### Problem requirements
Below this line is the material. Write out only its lines from the one containing "rot_ul iv p \<in> gen_cat" through the one containing "j \<in> points_of", both kept, exactly.

##### Information provided

(* Let $\mathcal C$ be a category of noncrossing $\{x,y\}$-coloured partitions ($x^{-1}=x$, $y^{-1}=y$) all of whose blocks have even size, and which contains a partition with a block of size at least four. If no block of any partition in $\mathcal C$ contains points of both colours, then $\mathcal C$ is a free product.
   Context: Colour sets and partitions: a colour set is a set $\mathcal A$ with an involution $a\mapsto a^{-1}$. For words $w,w'$ on $\mathcal A$, an element of $P^{\mathcal A}(w,w')$ is a partition of $|w|+|w'|$ points drawn as an upper row coloured (left to right) by $w$ and a lower row coloured by $w'$; its subsets are blocks. It is noncrossing if there are no four points $k_1<k_2<k_3<k_4$ (ordering: upper row left to right, then lower row right to left) with $k_1,k_3$ in one block and $k_2,k_4$ in a different block. Category operations: tensor product, composition (erasing middle points and closed loops), adjoint (reflection), rotation (moving an extreme point to the other row and replacing its colour $a$ by $a^{-1}$). A category of noncrossing partitions is a family $\mathcal C(w,w')\subset NC^{\mathcal A}(w,w')$ stable under these operations and containing $\pi(a,a)$ for all $a$. For a category $\mathcal C$ on $\{x,y\}$, $\mathcal C_x$ (resp. $\mathcal C_y$) is the set of partitions in $\mathcal C$ all of whose points are coloured $x$ (resp. $y$); $\mathcal C$ is a free product if it equals the category generated by $\mathcal C_x\cup\mathcal C_y$. *)

theory Defs
  imports Main
begin

text \<open>Points of a partition: upper row points Up i (i < length of upper word, left to right)
  and lower row points Lo j (j < length of lower word, left to right).\<close>

datatype point = Up nat | Lo nat

record 'c part =
  upper :: "'c list"
  lower :: "'c list"
  blocks :: "point set set"

definition points_of :: "'c list \<Rightarrow> 'c list \<Rightarrow> point set" where
  "points_of w w' = {Up i | i. i < length w} \<union> {Lo j | j. j < length w'}"

definition points :: "'c part \<Rightarrow> point set" where
  "points p = points_of (upper p) (lower p)"

fun colour :: "'c part \<Rightarrow> point \<Rightarrow> 'c" where
  "colour p (Up i) = upper p ! i"
| "colour p (Lo j) = lower p ! j"

definition is_partition :: "'c part \<Rightarrow> bool" where
  "is_partition p \<longleftrightarrow>
     (\<forall>B\<in>blocks p. B \<noteq> {} \<and> B \<subseteq> points p) \<and>
     (\<forall>B1\<in>blocks p. \<forall>B2\<in>blocks p. B1 \<noteq> B2 \<longrightarrow> B1 \<inter> B2 = {}) \<and>
     \<Union>(blocks p) = points p"

text \<open>Linear order of points: upper row left to right, then lower row right to left.\<close>
fun pos :: "'c part \<Rightarrow> point \<Rightarrow> nat" where
  "pos p (Up i) = i"
| "pos p (Lo j) = length (upper p) + (length (lower p) - 1 - j)"

definition noncrossing :: "'c part \<Rightarrow> bool" where
  "noncrossing p \<longleftrightarrow>
     (\<forall>B1\<in>blocks p. \<forall>B2\<in>blocks p. B1 \<noteq> B2 \<longrightarrow>
        \<not> (\<exists>k1\<in>B1. \<exists>k2\<in>B2. \<exists>k3\<in>B1. \<exists>k4\<in>B2.
              pos p k1 < pos p k2 \<and> pos p k2 < pos p k3 \<and> pos p k3 < pos p k4))"

definition idp :: "'c \<Rightarrow> 'c part" where
  "idp a = \<lparr>upper = [a], lower = [a], blocks = {{Up 0, Lo 0}}\<rparr>"

fun shift :: "nat \<Rightarrow> nat \<Rightarrow> point \<Rightarrow> point" where
  "shift n m (Up i) = Up (i + n)"
| "shift n m (Lo j) = Lo (j + m)"

definition tensor :: "'c part \<Rightarrow> 'c part \<Rightarrow> 'c part" where
  "tensor p q = \<lparr>upper = upper p @ upper q, lower = lower p @ lower q,
     blocks = blocks p \<union> (image (shift (length (upper p)) (length (lower p)))) ` blocks q\<rparr>"

fun swap_pt :: "point \<Rightarrow> point" where
  "swap_pt (Up i) = Lo i"
| "swap_pt (Lo j) = Up j"

definition adjoint :: "'c part \<Rightarrow> 'c part" where
  "adjoint p = \<lparr>upper = lower p, lower = upper p, blocks = (image swap_pt) ` blocks p\<rparr>"

text \<open>Composition: p on top, q below (requires lower p = upper q).  The lower points of p
  are identified with the upper points of q; blocks of the result are the connected
  components restricted to the outer points; components lying entirely in the middle
  (closed loops) are erased.\<close>

datatype lvl = T nat | M nat | Bt nat

fun emb_top :: "point \<Rightarrow> lvl" where
  "emb_top (Up i) = T i"
| "emb_top (Lo j) = M j"

fun emb_bot :: "point \<Rightarrow> lvl" where
  "emb_bot (Up j) = M j"
| "emb_bot (Lo k) = Bt k"

fun emb_out :: "point \<Rightarrow> lvl" where
  "emb_out (Up i) = T i"
| "emb_out (Lo k) = Bt k"

definition comp_rel :: "'c part \<Rightarrow> 'c part \<Rightarrow> (lvl \<times> lvl) set" where
  "comp_rel p q =
     {(emb_top u, emb_top v) | u v. \<exists>B\<in>blocks p. u \<in> B \<and> v \<in> B} \<union>
     {(emb_bot u, emb_bot v) | u v. \<exists>B\<in>blocks q. u \<in> B \<and> v \<in> B}"

definition comp :: "'c part \<Rightarrow> 'c part \<Rightarrow> 'c part" where
  "comp p q = \<lparr>upper = upper p, lower = lower q,
     blocks = {{u \<in> points_of (upper p) (lower q). (emb_out v, emb_out u) \<in> (comp_rel p q)\<^sup>*}
               | v. v \<in> points_of (upper p) (lower q)}\<rparr>"

text \<open>Rotations: moving an extreme point to the other row, replacing its colour a by inv a.\<close>

fun rot_ul_pt :: "point \<Rightarrow> point" where
  "rot_ul_pt (Up 0) = Lo 0"
| "rot_ul_pt (Up (Suc i)) = Up i"
| "rot_ul_pt (Lo j) = Lo (Suc j)"

definition rot_ul :: "('c \<Rightarrow> 'c) \<Rightarrow> 'c part \<Rightarrow> 'c part" where
  "rot_ul iv p = \<lparr>upper = tl (upper p), lower = iv (hd (upper p)) # lower p,
     blocks = (image rot_ul_pt) ` blocks p\<rparr>"

fun rot_ll_pt :: "point \<Rightarrow> point" where
  "rot_ll_pt (Lo 0) = Up 0"
| "rot_ll_pt (Lo (Suc j)) = Lo j"
| "rot_ll_pt (Up i) = Up (Suc i)"

definition rot_ll :: "('c \<Rightarrow> 'c) \<Rightarrow> 'c part \<Rightarrow> 'c part" where
  "rot_ll iv p = \<lparr>upper = iv (hd (lower p)) # upper p, lower = tl (lower p),
     blocks = (image rot_ll_pt) ` blocks p\<rparr>"

fun rot_ur_pt :: "nat \<Rightarrow> nat \<Rightarrow> point \<Rightarrow> point" where
  "rot_ur_pt n m (Up i) = (if i = n - 1 then Lo m else Up i)"
| "rot_ur_pt n m (Lo j) = Lo j"

definition rot_ur :: "('c \<Rightarrow> 'c) \<Rightarrow> 'c part \<Rightarrow> 'c part" where
  "rot_ur iv p = \<lparr>upper = butlast (upper p), lower = lower p @ [iv (last (upper p))],
     blocks = (image (rot_ur_pt (length (upper p)) (length (lower p)))) ` blocks p\<rparr>"

fun rot_lr_pt :: "nat \<Rightarrow> nat \<Rightarrow> point \<Rightarrow> point" where
  "rot_lr_pt n m (Lo j) = (if j = m - 1 then Up n else Lo j)"
| "rot_lr_pt n m (Up i) = Up i"

definition rot_lr :: "('c \<Rightarrow> 'c) \<Rightarrow> 'c part \<Rightarrow> 'c part" where
  "rot_lr iv p = \<lparr>upper = upper p @ [iv (last (lower p))], lower = butlast (lower p),
     blocks = (image (rot_lr_pt (length (upper p)) (length (lower p)))) ` blocks p\<rparr>"

definition is_category :: "('c \<Rightarrow> 'c) \<Rightarrow> 'c part set \<Rightarrow> bool" where
  "is_category iv C \<longleftrightarrow>
     (\<forall>p\<in>C. is_partition p \<and> noncrossing p) \<and>
     (\<forall>a. idp a \<in> C) \<and>
     (\<forall>p\<in>C. \<forall>q\<in>C. tensor p q \<in> C) \<and>
     (\<forall>p\<in>C. \<forall>q\<in>C. lower p = upper q \<longrightarrow> comp p q \<in> C) \<and>
     (\<forall>p\<in>C. adjoint p \<in> C) \<and>
     (\<forall>p\<in>C. upper p \<noteq> [] \<longrightarrow> rot_ul iv p \<in> C) \<and>
     (\<forall>p\<in>C. upper p \<noteq> [] \<longrightarrow> rot_ur iv p \<in> C) \<and>
     (\<forall>p\<in>C. lower p \<noteq> [] \<longrightarrow> rot_ll iv p \<in> C) \<and>
     (\<forall>p\<in>C. lower p \<noteq> [] \<longrightarrow> rot_lr iv p \<in> C)"

inductive_set gen_cat :: "('c \<Rightarrow> 'c) \<Rightarrow> 'c part set \<Rightarrow> 'c part set" for iv S where
  base: "p \<in> S \<Longrightarrow> p \<in> gen_cat iv S"
| ident: "idp a \<in> gen_cat iv S"
| tens: "p \<in> gen_cat iv S \<Longrightarrow> q \<in> gen_cat iv S \<Longrightarrow> tensor p q \<in> gen_cat iv S"
| compo: "p \<in> gen_cat iv S \<Longrightarrow> q \<in> gen_cat iv S \<Longrightarrow> lower p = upper q \<Longrightarrow> comp p q \<in> gen_cat iv S"
| adj: "p \<in> gen_cat iv S \<Longrightarrow> adjoint p \<in> gen_cat iv S"
| rul: "p \<in> gen_cat iv S \<Longrightarrow> upper p \<noteq> [] \<Longrightarrow> rot_ul iv p \<in> gen_cat iv S"
| rur: "p \<in> gen_cat iv S \<Longrightarrow> upper p \<noteq> [] \<Longrightarrow> rot_ur iv p \<in> gen_cat iv S"
| rll: "p \<in> gen_cat iv S \<Longrightarrow> lower p \<noteq> [] \<Longrightarrow> rot_ll iv p \<in> gen_cat iv S"
| rlr: "p \<in> gen_cat iv S \<Longrightarrow> lower p \<noteq> [] \<Longrightarrow> rot_lr iv p \<in> gen_cat iv S"

datatype col = X | Y

definition inv_xy :: "col \<Rightarrow> col" where
  "inv_xy c = c"

definition mono_part :: "col part set \<Rightarrow> col \<Rightarrow> col part set" where
  "mono_part C c = {p \<in> C. \<forall>u\<in>points p. colour p u = c}"

definition free_product :: "col part set \<Rightarrow> bool" where
  "free_product C \<longleftrightarrow> C = gen_cat inv_xy (mono_part C X \<union> mono_part C Y)"

end

theory Submission
  imports Defs
begin

text \<open>Rotations are invertible in the generated category, so it suffices to treat partitions whose
  points all lie on the upper row. A block of minimal span in such a noncrossing partition
  consists of consecutive points; rotating it until it fills the whole upper row, the partition
  becomes the tensor product of this block, which is monochromatic, with the rest of the
  partition on the lower row. Since the block has even size, capping it off with pairings of its
  colour erases it as a closed loop, so the rest again lies in the category and has fewer points.\<close>

fun is_upper :: "point \<Rightarrow> bool" where
  "is_upper (Up i) = True"
| "is_upper (Lo j) = False"

abbreviation npoints :: "'c part \<Rightarrow> nat" where
  "npoints p \<equiv> length (upper p) + length (lower p)"

lemma points_of_Up [simp]: "Up i \<in> points_of w w' \<longleftrightarrow> i < length w"
  and points_of_Lo [simp]: "Lo j \<in> points_of w w' \<longleftrightarrow> j < length w'"
  by (auto simp: points_of_def)

lemma finite_points [simp]: "finite (points p)"
proof -
  have "points p = Up ` {..<length (upper p)} \<union> Lo ` {..<length (lower p)}"
    by (auto simp: points_def points_of_def)
  then show ?thesis
    by simp
qed

lemma lvl_eq_emb_top [simp]:
  "T i = emb_top w \<longleftrightarrow> w = Up i" "M j = emb_top w \<longleftrightarrow> w = Lo j" "Bt k \<noteq> emb_top w"
  by (cases w; auto)+

lemma lvl_eq_emb_bot [simp]:
  "M j = emb_bot w \<longleftrightarrow> w = Up j" "Bt k = emb_bot w \<longleftrightarrow> w = Lo k" "T i \<noteq> emb_bot w"
  by (cases w; auto)+

lemma inj_on_pos: "inj_on (pos p) (points p)"
proof (rule inj_onI)
  fix u v assume "u \<in> points p" "v \<in> points p" "pos p u = pos p v"
  then show "u = v"
    by (cases u; cases v) (auto simp: points_def)
qed

lemma partition_block_eq:
  "is_partition p \<Longrightarrow> B \<in> blocks p \<Longrightarrow> B' \<in> blocks p \<Longrightarrow> x \<in> B \<Longrightarrow> x \<in> B' \<Longrightarrow> B = B'"
  and partition_block_subset: "is_partition p \<Longrightarrow> B \<in> blocks p \<Longrightarrow> B \<subseteq> points p"
  and partition_block_nonempty: "is_partition p \<Longrightarrow> B \<in> blocks p \<Longrightarrow> B \<noteq> {}"
  and partition_covers: "is_partition p \<Longrightarrow> x \<in> points p \<Longrightarrow> \<exists>B\<in>blocks p. x \<in> B"
  unfolding is_partition_def by blast+

lemma partition_block_finite: "is_partition p \<Longrightarrow> B \<in> blocks p \<Longrightarrow> finite B"
  by (rule finite_subset[OF partition_block_subset finite_points])

lemma is_categoryD:
  assumes "is_category iv C"
  shows "p \<in> C \<Longrightarrow> is_partition p" and "p \<in> C \<Longrightarrow> noncrossing p" and "idp a \<in> C"
    and "p \<in> C \<Longrightarrow> q \<in> C \<Longrightarrow> tensor p q \<in> C"
    and "p \<in> C \<Longrightarrow> q \<in> C \<Longrightarrow> lower p = upper q \<Longrightarrow> comp p q \<in> C"
    and "p \<in> C \<Longrightarrow> adjoint p \<in> C"
    and "p \<in> C \<Longrightarrow> upper p \<noteq> [] \<Longrightarrow> rot_ul iv p \<in> C"
    and "p \<in> C \<Longrightarrow> upper p \<noteq> [] \<Longrightarrow> rot_ur iv p \<in> C"
    and "p \<in> C \<Longrightarrow> lower p \<noteq> [] \<Longrightarrow> rot_lr iv p \<in> C"
  using assms unfolding is_category_def by blast+

lemma noncrossingD:
  assumes "noncrossing p" "B \<in> blocks p" "B' \<in> blocks p" "B \<noteq> B'"
    and "k1 \<in> B" "k2 \<in> B'" "k3 \<in> B" "k4 \<in> B'"
    and "pos p k1 < pos p k2" "pos p k2 < pos p k3" "pos p k3 < pos p k4"
  shows False
proof -
  have "\<exists>k1\<in>B. \<exists>k2\<in>B'. \<exists>k3\<in>B. \<exists>k4\<in>B'.
      pos p k1 < pos p k2 \<and> pos p k2 < pos p k3 \<and> pos p k3 < pos p k4"
    using assms(5-11) by (intro bexI conjI)
  moreover note assms(1)[unfolded noncrossing_def, rule_format, OF assms(2-4)]
  ultimately show False
    by contradiction
qed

##########

### Task solution
| rul: "p \<in> gen_cat iv S \<Longrightarrow> upper p \<noteq> [] \<Longrightarrow> rot_ul iv p \<in> gen_cat iv S"
| rur: "p \<in> gen_cat iv S \<Longrightarrow> upper p \<noteq> [] \<Longrightarrow> rot_ur iv p \<in> gen_cat iv S"
| rll: "p \<in> gen_cat iv S \<Longrightarrow> lower p \<noteq> [] \<Longrightarrow> rot_ll iv p \<in> gen_cat iv S"
| rlr: "p \<in> gen_cat iv S \<Longrightarrow> lower p \<noteq> [] \<Longrightarrow> rot_lr iv p \<in> gen_cat iv S"

datatype col = X | Y

definition inv_xy :: "col \<Rightarrow> col" where
  "inv_xy c = c"

definition mono_part :: "col part set \<Rightarrow> col \<Rightarrow> col part set" where
  "mono_part C c = {p \<in> C. \<forall>u\<in>points p. colour p u = c}"

definition free_product :: "col part set \<Rightarrow> bool" where
  "free_product C \<longleftrightarrow> C = gen_cat inv_xy (mono_part C X \<union> mono_part C Y)"

end

theory Submission
  imports Defs
begin

text \<open>Rotations are invertible in the generated category, so it suffices to treat partitions whose
  points all lie on the upper row. A block of minimal span in such a noncrossing partition
  consists of consecutive points; rotating it until it fills the whole upper row, the partition
  becomes the tensor product of this block, which is monochromatic, with the rest of the
  partition on the lower row. Since the block has even size, capping it off with pairings of its
  colour erases it as a closed loop, so the rest again lies in the category and has fewer points.\<close>

fun is_upper :: "point \<Rightarrow> bool" where
  "is_upper (Up i) = True"
| "is_upper (Lo j) = False"

abbreviation npoints :: "'c part \<Rightarrow> nat" where
  "npoints p \<equiv> length (upper p) + length (lower p)"

lemma points_of_Up [simp]: "Up i \<in> points_of w w' \<longleftrightarrow> i < length w"
  and points_of_Lo [simp]: "Lo j \<in> points_of w w' \<longleftrightarrow> j < length w'"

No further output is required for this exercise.